Q11: What is the point-slope form?
A11: The point-slope form is y - y1 = m(x - x1), where m is the slope and (x1, y1) is a point on the line.
Q12: Can I find the slope of a line using the two-point form?
A12: Yes, you can find the slope of a line using the two-point form (y2 - y1 = m(x2 - x1)) by identifying the coefficient of x as the slope.
Q13: What is the two-point form?
A13: The two-point form is y2 - y1 = m(x2 - x1), where (x1, y1) and (x2, y2) are two points on the line.
Q14: Can I find the slope of a line using the equation of a circle?
A14: Yes, you can find the slope of a line using the equation of a circle by rewriting the equation in the standard form and identifying the coefficient of x as the slope.

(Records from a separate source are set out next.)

(* Let $R_s>0$, $\lambda=2^{R_s}$, and let $\gamma_d,\gamma_e$ be independent, where $\gamma_d$ is generalized-$K$ distributed with $k_d=m_d=1$ and mean $\overline\gamma_d>0$ (CDF $F_{\gamma_d}(x)=G_{1,3}^{2,1}\!\left(\frac{x}{\overline\gamma_d}\,\middle|\,{1\atop 1,1,0}\right)$), and $\gamma_e$ is generalized-$K$ distributed with parameters $k_e>0,m_e>0$ and mean $\overline\gamma_e>0$. Let $\sigma_e^2$ be the variance of $\gamma_e$, $P(x)=F_{\gamma_d}(\lambda-1+\lambda x)$, $\widetilde P_{\rm sop}(\overline\gamma_d):=P(\overline\gamma_e)+\frac{\sigma_e^2}{2}P''(\overline\gamma_e)$, and $a=\lambda-1+\lambda\overline\gamma_e$. Then, as $\overline\gamma_d\to\infty$ with all other parameters fixed, $$\widetilde P_{\rm sop}(\overline\gamma_d)=\overline\gamma_d^{-1}\left(\frac{\psi(1)+\psi(2)-\ln\frac{a}{\overline\gamma_d}}{a^{-1}}-\frac{\overline\gamma_e^2\lambda^2\left(\frac{(k_e+1)(m_e+1)}{k_em_e}-1\right)}{2a}\right)+o(\overline\gamma_d^{-1}).$$
   Context: $\psi$ is the digamma function and $G^{m,n}_{p,q}$ the standard Meijer G-function. The generalized-$K$ distribution with parameters $k,m$ and mean $\overline\gamma$ is that of $\overline\gamma XY$ with $X,Y$ independent unit-mean Gamma variables of shapes $k$ and $m$ (for $k=m=1$ this is the $K$-distribution). $\widetilde P_{\rm sop}$ is the second-order Taylor approximation of the secrecy outage probability $\mathbb{E}\{F_{\gamma_d}(\lambda-1+\lambda\gamma_e)\}$ around the mean of $\gamma_e$. *)

theory Defs
  imports "HOL-Analysis.Analysis" "HOL-Library.Landau_Symbols"
begin

definition gamma_unit_density :: "real \<Rightarrow> real \<Rightarrow> real" where
  "gamma_unit_density k x =
     (if x > 0 then k powr k * x powr (k - 1) * exp (- k * x) / Gamma k else 0)"

text \<open>CDF of the generalized-K distribution with parameters k, m and mean gbar,
  i.e. of gbar * X * Y with X, Y independent unit-mean Gamma(k), Gamma(m).\<close>
definition genK_cdf :: "real \<Rightarrow> real \<Rightarrow> real \<Rightarrow> real \<Rightarrow> real" where
  "genK_cdf k m gbar x =
     (LINT u|lborel. LINT v|lborel.
        gamma_unit_density k u * gamma_unit_density m v * indicator {..x} (gbar * u * v))"

definition genK_var :: "real \<Rightarrow> real \<Rightarrow> real \<Rightarrow> real" where
  "genK_var k m gbar =
     (LINT u|lborel. LINT v|lborel.
        gamma_unit_density k u * gamma_unit_density m v * (gbar * u * v - gbar)\<^sup>2)"

definition P_sop_approx :: "real \<Rightarrow> real \<Rightarrow> real \<Rightarrow> real \<Rightarrow> real \<Rightarrow> real" where
  "P_sop_approx Rs ke me ge gd =
     (let lam = 2 powr Rs;
          P = (\<lambda>x. genK_cdf 1 1 gd (lam - 1 + lam * x))
      in P ge + genK_var ke me ge / 2 * deriv (deriv P) ge)"

end

(* With k_d = m_d = 1 the CDF of gamma_d is F(x) = 1 - G(x / gd), where
   G(t) = int_0^oo exp(-u - t/u) du = E exp(-t/U) for U ~ Exp(1).  Differentiating under the
   integral sign, G' = -H and H' = -K, where H and K carry the extra weights 1/u and 1/u^2.
   An integration by parts gives t K(t) = G(t), so P''(ge) = -(lam/gd)^2 G(t)/t with t = a/gd.
   A second integration by parts, combined with the substitution u -> t/u, gives
   H(t) = 2 J(t) - ln t G(t) with J(t) = int_0^oo ln u exp(-u - t/u) du.  Since
   J(0) = Gamma'(1) = psi(1) and ln t (1 - G(t)) -> 0, we get H(t) = -ln t + 2 psi(1) + o(1), and
   L'Hopital's rule yields 1 - G(t) = t (psi(1) + psi(2) - ln t) + o(t) as t -> 0+.  Substituting
   t = a/gd, and reading the variance of gamma_e off the first two moments of the Gamma
   distribution, both terms of the approximation have the claimed expansion. *)

theory Submission
  imports Defs "HOL-Real_Asymp.Real_Asymp"
begin

section \<open>Parametric integrals\<close>

lemma integral_dominated_convergence_at_within:
  fixes f :: "'c::first_countable_topology \<Rightarrow> 'a \<Rightarrow> 'b::{banach, second_countable_topology}"
  assumes meas: "\<forall>\<^sub>F t in at x within S. f t \<in> borel_measurable M"
    and "g \<in> borel_measurable M" and "integrable M w"
    and lim: "AE u in M. ((\<lambda>t. f t u) \<longlongrightarrow> g u) (at x within S)"
    and bound: "\<forall>\<^sub>F t in at x within S. AE u in M. norm (f t u) \<le> w u"
  shows "((\<lambda>t. integral\<^sup>L M (f t)) \<longlongrightarrow> integral\<^sup>L M g) (at x within S)"
  unfolding tendsto_at_iff_sequentially comp_def
proof (intro allI impI)
  fix X :: "nat \<Rightarrow> 'c"
  assume "\<forall>i. X i \<in> S - {x}" and "X \<longlonglongrightarrow> x"
  then have X: "filterlim X (at x within S) sequentially"
    by (simp add: filterlim_at)
  obtain N where N: "\<And>n. N \<le> n \<Longrightarrow>
      f (X n) \<in> borel_measurable M \<and> (AE u in M. norm (f (X n) u) \<le> w u)"
    using filterlim_iff[THEN iffD1, OF X, rule_format, OF eventually_conj[OF meas bound]]
    by (auto simp: eventually_sequentially)
  show "(\<lambda>n. integral\<^sup>L M (f (X n))) \<longlonglongrightarrow> integral\<^sup>L M g"
  proof (rule LIMSEQ_offset[where k = N], rule integral_dominated_convergence[where w = w])
    show "AE u in M. (\<lambda>n. f (X (n + N)) u) \<longlonglongrightarrow> g u"
      using lim by eventually_elim (intro LIMSEQ_ignore_initial_segment filterlim_compose[OF _ X])
  qed (use N assms in auto)
qed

Q15: What is the equation of a circle?
A15: The equation of a circle is (x - h)^2 + (y - k)^2 = r^2, where (h, k) is the center of the circle and r is the radius.
Conclusion
In conclusion, finding the slope of a line is a fundamental concept in mathematics that has numerous applications in various fields. By understanding the concept of slope and how to find it, you can solve a wide range of problems in mathematics and other subjects.
Final Answer
The final answer is .
Discussion
The slope of a line is a measure of how steep the line is and is denoted by the letter 'm'. It represents the rate of change of the line. The slope of a line can be found using various forms of equations, including the standard form, slope-intercept form, point-slope form, and two-point form.
Step-by-Step Solution
- Rewrite the equation in the standard form (y = mx + c).

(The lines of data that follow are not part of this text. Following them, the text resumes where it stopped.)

(* Let $C$ be a Polish space having a countable base $\{B_n:n\in\omega\}$ of non-empty open sets such that each $B_n$ is homeomorphic to $C$. (1) If there is a $Q$-set in $C$ of cardinality $\aleph_2$, then there is a $Q$-set $Z\subseteq C$ of cardinality $\aleph_2$ which is dense in $C$ and satisfies $\Delta(Z)=\aleph_2$. (2) If there is a Luzin set in $C$, then there is a Luzin set in $C$ which is dense in $C$ and locally uncountable (every non-empty relatively open subset of it is uncountable).
   Context: A $Q$-set in a Polish space $C$ is an uncountable subset $Y\subseteq C$ every subset of which is a relative $F_\sigma$ in $Y$. A Luzin set in $C$ is an uncountable subset of $C$ which meets every first category subset of $C$ in a countable set. $\Delta(Z)$ is the least cardinality of a non-empty relatively open subset of $Z$. *)

theory Defs
  imports "HOL-Analysis.Analysis"
begin

definition aleph2 :: "nat set set rel" where
  "aleph2 = cardSuc (cardSuc natLeq)"

definition nowhere_dense :: "'a::topological_space set \<Rightarrow> bool" where
  "nowhere_dense S \<longleftrightarrow> interior (closure S) = {}"

definition first_category :: "'a::topological_space set \<Rightarrow> bool" where
  "first_category S \<longleftrightarrow> (countable union_of nowhere_dense) S"

definition Q_set :: "'a::topological_space set \<Rightarrow> bool" where
  "Q_set Y \<longleftrightarrow> uncountable Y \<and> (\<forall>A. A \<subseteq> Y \<longrightarrow> fsigma_in (top_of_set Y) A)"

definition Luzin_set :: "'a::topological_space set \<Rightarrow> bool" where
  "Luzin_set Y \<longleftrightarrow> uncountable Y \<and> (\<forall>M. first_category M \<longrightarrow> countable (Y \<inter> M))"

text \<open>\<open>Delta_is Z k\<close>: k is (up to ordinal isomorphism) the least cardinality
  of a non-empty relatively open subset of Z.\<close>
definition Delta_is :: "'a::topological_space set \<Rightarrow> 'b rel \<Rightarrow> bool" where
  "Delta_is Z k \<longleftrightarrow>
     (\<exists>U. openin (top_of_set Z) U \<and> U \<noteq> {} \<and> (card_of U, k) \<in> ordIso) \<and>
     (\<forall>U. openin (top_of_set Z) U \<and> U \<noteq> {} \<longrightarrow> (k, card_of U) \<in> ordLeq)"

end

theory Submission
  imports Defs
begin

(* Both parts spread a given set Y over the whole space
   by copying it into the basic open sets; a union of copies meeting every B n is dense.

   Luzin sets: Z = (UN n. f n ` Y).  A homeomorphism onto an open set pulls nowhere dense,
   hence first category, sets back to sets of the same kind, so each copy f n ` Y is a Luzin
   set, and so is the countable union Z.  Z contains an uncountable copy inside every B n,
   hence is dense and locally uncountable.

   Q-sets: a union of Q-sets need not be a Q-set, so the copies are chosen more carefully.
   (1) Removing from Y the union of its basic pieces of size <= aleph_1 leaves a locally large
   core Y' (every non-empty relatively open subset has size aleph_2).  (2) Its copies
   P j = f j ` Y' inside B j are again locally large Q-sets of size aleph_2.  (3) Select the
   indices T greedily: j is selected iff B j misses all earlier selected copies.  Each selected
   P j is then the trace of the closed-in-open set closure (P j) Int B j on Z = (UN j:T. P j),
   hence a relative F-sigma, and a countable union of relatively F-sigma pieces with the
   Q-property has the Q-property.  Every rejected B j meets an earlier copy, so Z is dense;
   Delta(Z) = aleph_2 is inherited from the copies. *)

unbundle cardinal_syntax

section \<open>Cardinals up to \<open>\<aleph>\<^sub>2\<close>\<close>

definition aleph1 :: "nat set rel" where
  "aleph1 = cardSuc natLeq"

lemma aleph2_eq: "aleph2 = cardSuc aleph1"
  unfolding aleph2_def aleph1_def ..

lemma Cinfinite_aleph1: "Cinfinite aleph1"
  by (simp add: aleph1_def Cinfinite_cardSuc natLeq_Cinfinite)

lemma Cinfinite_aleph2: "Cinfinite aleph2"
  by (simp add: aleph2_eq Cinfinite_cardSuc Cinfinite_aleph1)

lemma countable_card_le_natLeq:
  assumes "countable A"
  shows "|A| \<le>o natLeq"
proof -
  obtain f :: "_ \<Rightarrow> nat" where "inj_on f A"
    using assms unfolding countable_def by blast
  then have "|A| \<le>o |UNIV :: nat set|"
    using card_of_ordLeq by blast
  then show ?thesis
    using card_of_nat by (rule ordLeq_ordIso_trans)
qed

lemma card_of_countable_UN_le:
  assumes r: "Cinfinite r" and I: "countable I" and A: "\<And>i. i \<in> I \<Longrightarrow> |A i| \<le>o r"
  shows "|\<Union>i\<in>I. A i| \<le>o r"
proof (rule card_of_UNION_ordLeq_infinite_Field)
  show "\<not> finite (Field r)" "Card_order r"
    using r by (simp_all add: cinfinite_def)
  show "|I| \<le>o r"
    using countable_card_le_natLeq[OF I] natLeq_ordLeq_cinfinite[OF r] by (rule ordLeq_transitive)
qed (use A in blast)

definition le_aleph1 :: "'a set \<Rightarrow> bool" where
  "le_aleph1 S \<longleftrightarrow> |S| \<le>o aleph1"

text \<open>Since \<open>\<aleph>\<^sub>2\<close> is the successor of \<open>\<aleph>\<^sub>1\<close>, not being of size \<open>\<le> \<aleph>\<^sub>1\<close> means having size \<open>\<ge> \<aleph>\<^sub>2\<close>.\<close>
lemma not_le_aleph1_iff: "\<not> le_aleph1 S \<longleftrightarrow> aleph2 \<le>o |S|"
proof -
  have card: "Card_order aleph1"
    using Cinfinite_aleph1 by simp
  then have "Well_order aleph1"
    by (rule card_order_on_well_order_on)
  then have "\<not> le_aleph1 S \<longleftrightarrow> aleph1 <o |S|"
    unfolding le_aleph1_def using card_of_Well_order by (rule not_ordLeq_iff_ordLess)
  also have "\<dots> \<longleftrightarrow> aleph2 \<le>o |S|"
    unfolding aleph2_eq using card card_of_Card_order by (rule cardSuc_ordLess_ordLeq)
  finally show ?thesis .
qed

- Identify the coefficient of x as the slope.
- Use the slope-intercept form (y = mx + c) to find the slope.
- Use the point-slope form (y - y1 = m(x - x1)) to find the slope.
- Use the two-point form (y2 - y1 = m(x2 - x1)) to find the slope.
Common Mistakes
- Not rewriting the equation in the standard form before finding the slope.
- Not identifying the coefficient of x as the slope.
- Not using the correct form of the equation to find the slope.
Real-World Applications
- Finding the slope of a line is essential in various real-world applications such as physics, engineering, and economics.
- The slope of a line can be used to model the rate of change of a quantity over time.
Future Work
- Finding the slope of a line is a fundamental concept in mathematics that has numerous applications in various fields.
- Further research can be done on finding the slope of a line in different forms of equations.